PPG-2266: A Surgeon's War

Author: Nikolai Amosoff
ISBN: 0-8092-9055-3
Reviewer: Dan K.
Review Date: 11 May 2008

I picked this book up at a military flea market couple of weeks ago. Apparently Amosoff was a famous heart surgeon from the Soviet Union who found his own war-time diary and decided to have it published.

The book is a very interesting memoir (diary). It starts off with the author as a small town resident doctor. With orders, he was formed into a 200-bed PPG, or mobile evacuation unit, as the Chief Surgeon. When they left for the front, they were horse drawn, and would stay that way for 90% of the war. The author describes setting up various hospitals in buildings or what is left of them. He also talks about seeing the Soviet Army in defeat and about what the soldiers look like while on the long retreats. After going through Moscow during the retreat and setting up yet again, he describes various techniques that the doctors learned or had to learn due to the number of wounded coming in. After Stalingrad had taken place, the Soviet forces began to be on the offensive; Amosoff's unit went through destroyed villages and towns behind the advancing front lines, setting up and handling the wounded.
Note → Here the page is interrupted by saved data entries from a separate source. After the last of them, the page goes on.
section \<open>The forward-backward iteration\<close>

locale forward_backward_iteration =
  fixes A :: "'a::{real_inner, complete_space} \<Rightarrow> 'a set"
    and B :: "'a \<Rightarrow> 'a"
    and \<beta> \<epsilon> :: real
    and \<gamma> lam :: "nat \<Rightarrow> real"
    and a b x :: "nat \<Rightarrow> 'a"
  assumes beta_pos: "0 < \<beta>"
    and eps: "0 < \<epsilon>" "\<epsilon> < min (1/2) \<beta>"
    and A_mm: "maximally_monotone A"
    and B_coco: "cocoercive \<beta> B"
    and gamma: "\<And>n. \<epsilon> \<le> \<gamma> n \<and> \<gamma> n \<le> 2 * \<beta> / (1 + \<epsilon>)"
    and a_sum: "summable (\<lambda>n. norm (a n))"
    and b_sum: "summable (\<lambda>n. norm (b n))"
    and zer_ne: "zer (op_plus A B) \<noteq> {}"
    and lambda: "\<And>n. \<epsilon> \<le> lam n \<and> lam n \<le> (1 - \<epsilon>) * (2 + \<epsilon> - \<gamma> n / (2 * \<beta>))"
    and x_rec: "\<And>n. x (Suc n) = x n + lam n *\<^sub>R
        (resolvent (op_scale (\<gamma> n) A) (x n - \<gamma> n *\<^sub>R (B (x n) + b n)) + a n - x n)"
begin

lemma gamma_ge: "\<epsilon> \<le> \<gamma> n" and gamma_le: "\<gamma> n \<le> 2 * \<beta>" and gamma_pos: "0 < \<gamma> n"
proof -
  have "2 * \<beta> / (1 + \<epsilon>) \<le> 2 * \<beta>" using beta_pos eps by (simp add: divide_le_eq)
  then show "\<epsilon> \<le> \<gamma> n" "\<gamma> n \<le> 2 * \<beta>" "0 < \<gamma> n" using gamma[of n] eps by auto
qed

lemma lam_pos: "0 < lam n" and lam_le: "lam n \<le> 3"
proof -
  show "0 < lam n" using lambda[of n] eps by linarith
  have "0 \<le> \<gamma> n / (2 * \<beta>)" using gamma_pos[of n] beta_pos by simp
  moreover have "\<gamma> n / (2 * \<beta>) \<le> 1" using gamma_le[of n] beta_pos by simp
  then have "0 \<le> 2 + \<epsilon> - \<gamma> n / (2 * \<beta>)" using eps by linarith
  then have "(1 - \<epsilon>) * (2 + \<epsilon> - \<gamma> n / (2 * \<beta>)) \<le> 2 + \<epsilon> - \<gamma> n / (2 * \<beta>)"
    using eps by (intro mult_left_le_one_le) auto
  ultimately show "lam n \<le> 3" using lambda[of n] eps by linarith
qed

definition residual :: "nat \<Rightarrow> 'a" where
  "residual n = resolvent (op_scale (\<gamma> n) A) (x n - \<gamma> n *\<^sub>R B (x n)) - x n"

definition perturbation :: "nat \<Rightarrow> real" where
  "perturbation n = lam n * (\<gamma> n * norm (b n) + norm (a n))"
lemma predecessors_subset_if_no_3cycle:
  assumes "is_quiver V Q" "\<not> has_3cycle Q"
    and complete: "\<And>x y. x \<in> V \<Longrightarrow> y \<in> V \<Longrightarrow> x \<noteq> y \<Longrightarrow> 0 < weight Q x y"
    and "0 < Q x y"
  shows "insert x {z \<in> V. 0 < Q z x} \<subseteq> {z \<in> V. 0 < Q z y}"
proof
  fix z
  assume z: "z \<in> insert x {z \<in> V. 0 < Q z x}"
  show "z \<in> {z \<in> V. 0 < Q z y}"
  proof (cases "z = x")
    case False
    then have "z \<in> V" "0 < Q z x"
      using z by auto
    moreover have "y \<in> V"
      using quiver_arrowD(2)[OF assms(1,4)] .
    moreover have "z \<noteq> y"
      using quiver_arrowD(4)[OF assms(1,4)] \<open>0 < Q z x\<close> by auto
    moreover have "\<not> 0 < Q y z"
    proof
      assume "0 < Q y z"
      with assms(4) \<open>0 < Q z x\<close> have "has_3cycle Q"
        unfolding has_3cycle_def by (intro exI[of _ x] exI[of _ y] exI[of _ z]) simp
      with assms(2) show False ..
    qed
    ultimately show ?thesis
      using complete[of z y] unfolding weight_def by simp
  qed (use quiver_arrowD(1)[OF assms(1,4)] assms(4) in simp)
qed
definition expansion_inf :: "complex \<Rightarrow> nat \<Rightarrow> nat \<Rightarrow> int \<Rightarrow> int \<Rightarrow> complex" where
  "expansion_inf z M N k = (SOME c. (\<forall>p > k - int M - int N. c p = 0) \<and> (\<forall>x. norm z < norm x \<longrightarrow>
     ((\<lambda>p. c p * x powi p) has_sum (x powi k / (x^M * (x - z)^N))) UNIV))"

definition expansion_0 :: "complex \<Rightarrow> nat \<Rightarrow> nat \<Rightarrow> int \<Rightarrow> int \<Rightarrow> complex" where
  "expansion_0 z M N k = (SOME d. (\<forall>p < k - int M. d p = 0) \<and> (\<forall>x. 0 < norm x \<and> norm x < norm z \<longrightarrow>
     ((\<lambda>p. d p * x powi p) has_sum (x powi k / (x^M * (x - z)^N))) UNIV))"

definition expansion_z :: "complex \<Rightarrow> nat \<Rightarrow> nat \<Rightarrow> int \<Rightarrow> int \<Rightarrow> complex" where
  "expansion_z z M N k = (SOME d. (\<forall>p < - int N. d p = 0) \<and> (\<forall>y. 0 < norm y \<and> norm y < norm z \<longrightarrow>
     ((\<lambda>p. d p * y powi p) has_sum ((y + z) powi k / ((y + z)^M * y^N))) UNIV))"

lemma expansion_inf:
  assumes "z \<noteq> 0"
  shows "p > k - int M - int N \<Longrightarrow> expansion_inf z M N k p = 0"
    and "norm z < norm x \<Longrightarrow>
      ((\<lambda>p. expansion_inf z M N k p * x powi p) has_sum (x powi k / (x^M * (x - z)^N))) UNIV"
  using someI_ex[OF expansion_at_infinity_exists[OF assms]] unfolding expansion_inf_def by blast+

lemma expansion_0:
  assumes "z \<noteq> 0"
  shows "p < k - int M \<Longrightarrow> expansion_0 z M N k p = 0"
    and "0 < norm x \<Longrightarrow> norm x < norm z \<Longrightarrow>
      ((\<lambda>p. expansion_0 z M N k p * x powi p) has_sum (x powi k / (x^M * (x - z)^N))) UNIV"
  using someI_ex[OF expansion_at_0_exists[OF assms]] unfolding expansion_0_def by blast+

lemma expansion_z:
  assumes "z \<noteq> 0"
  shows "p < - int N \<Longrightarrow> expansion_z z M N k p = 0"
    and "0 < norm y \<Longrightarrow> norm y < norm z \<Longrightarrow>
      ((\<lambda>p. expansion_z z M N k p * y powi p) has_sum ((y + z) powi k / ((y + z)^M * y^N))) UNIV"
  using someI_ex[OF expansion_at_z_exists[OF assms]] unfolding expansion_z_def by blast+

lemma expansion_0_shift:
  assumes "z \<noteq> 0"
  shows "expansion_0 z M N (k + 1) n = expansion_0 z M N k (n - 1)"
proof -
  have "expansion_0 z M N (k + 1) = (\<lambda>n. expansion_0 z M N k (n - 1))"
  proof (rule laurent_unique_near_0[where K = "k - int M" and K' = "k - int M"])
    show "0 < norm z" using assms by simp
    fix x :: complex assume x: "0 < norm x" "norm x < norm z"
    show "((\<lambda>p. expansion_0 z M N (k + 1) p * x powi p) has_sum (x powi (k + 1) / (x^M * (x - z)^N))) UNIV"
      by (rule expansion_0(2)[OF assms x])
    have "((\<lambda>p. expansion_0 z M N k (p - 1) * x powi p) has_sum (x powi 1 * (x powi k / (x^M * (x - z)^N)))) UNIV"
      using x by (intro has_sum_powi_shift expansion_0(2)[OF assms]) auto
    moreover have "x powi (k + 1) = x powi 1 * x powi k" using x by (simp add: power_int_add)
    ultimately show "((\<lambda>p. expansion_0 z M N k (p - 1) * x powi p) has_sum (x powi (k + 1) / (x^M * (x - z)^N))) UNIV"
      by simp
  qed (use expansion_0(1)[OF assms] in auto)
  then show ?thesis by simp
qed

lemma expansion_z_shift:
  assumes "z \<noteq> 0"
  shows "expansion_z z M N (k + 1) m = expansion_z z M N k (m - 1) + z * expansion_z z M N k m"
proof -
  have "expansion_z z M N (k + 1) = (\<lambda>m. expansion_z z M N k (m - 1) + z * expansion_z z M N k m)"
  proof (rule laurent_unique_near_0[where K = "- int N" and K' = "- int N"])
    show "0 < norm z" using assms by simp
    fix y :: complex assume y: "0 < norm y" "norm y < norm z"
    then have "y \<noteq> 0" "y + z \<noteq> 0" by (auto simp: add_eq_0_iff)
    define D where "D = (y + z)^M * y^N"
    let ?g = "\<lambda>p. expansion_z z M N k p * y powi p"
    show "((\<lambda>p. expansion_z z M N (k + 1) p * y powi p) has_sum ((y + z) powi (k + 1) / D)) UNIV"
      unfolding D_def by (rule expansion_z(2)[OF assms y])
    have g: "(?g has_sum ((y + z) powi k / D)) UNIV"
      unfolding D_def by (rule expansion_z(2)[OF assms y])
    have "((\<lambda>p. expansion_z z M N k (p - 1) * y powi p + z * ?g p) has_sum
        (y powi 1 * ((y + z) powi k / D) + z * ((y + z) powi k / D))) UNIV"
      by (rule has_sum_add[OF has_sum_powi_shift[OF \<open>y \<noteq> 0\<close> g] has_sum_cmult_right[OF g]])
    moreover have "(y + z) powi (k + 1) = (y + z) * (y + z) powi k"
      using \<open>y + z \<noteq> 0\<close> by (simp add: power_int_add)
    then have "y powi 1 * ((y + z) powi k / D) + z * ((y + z) powi k / D) = (y + z) powi (k + 1) / D"
      by (simp add: add_divide_distrib ring_distribs)
    ultimately show "((\<lambda>p. (expansion_z z M N k (p - 1) + z * expansion_z z M N k p) * y powi p)
        has_sum ((y + z) powi (k + 1) / D)) UNIV"
      by (simp add: algebra_simps)
  qed (use expansion_z(1)[OF assms] in auto)
  then show ?thesis by simp
qed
Their small hospital was upgraded to 600 beds. The author talks about always being overwhelmed with wounded; he always noted how many soldiers they treated at each location before moving on.

This war-time diary was written truthfully, with stories that included bad surgery, leaving the wounded to move on and knowing that most will not survive, and partisan reprisals. He did not see a lot of battles as they were just behind the lines.

PPG-2266: A Surgeon's War is not a bad book and one can see the amount of wounded that one small hospital had to suffer.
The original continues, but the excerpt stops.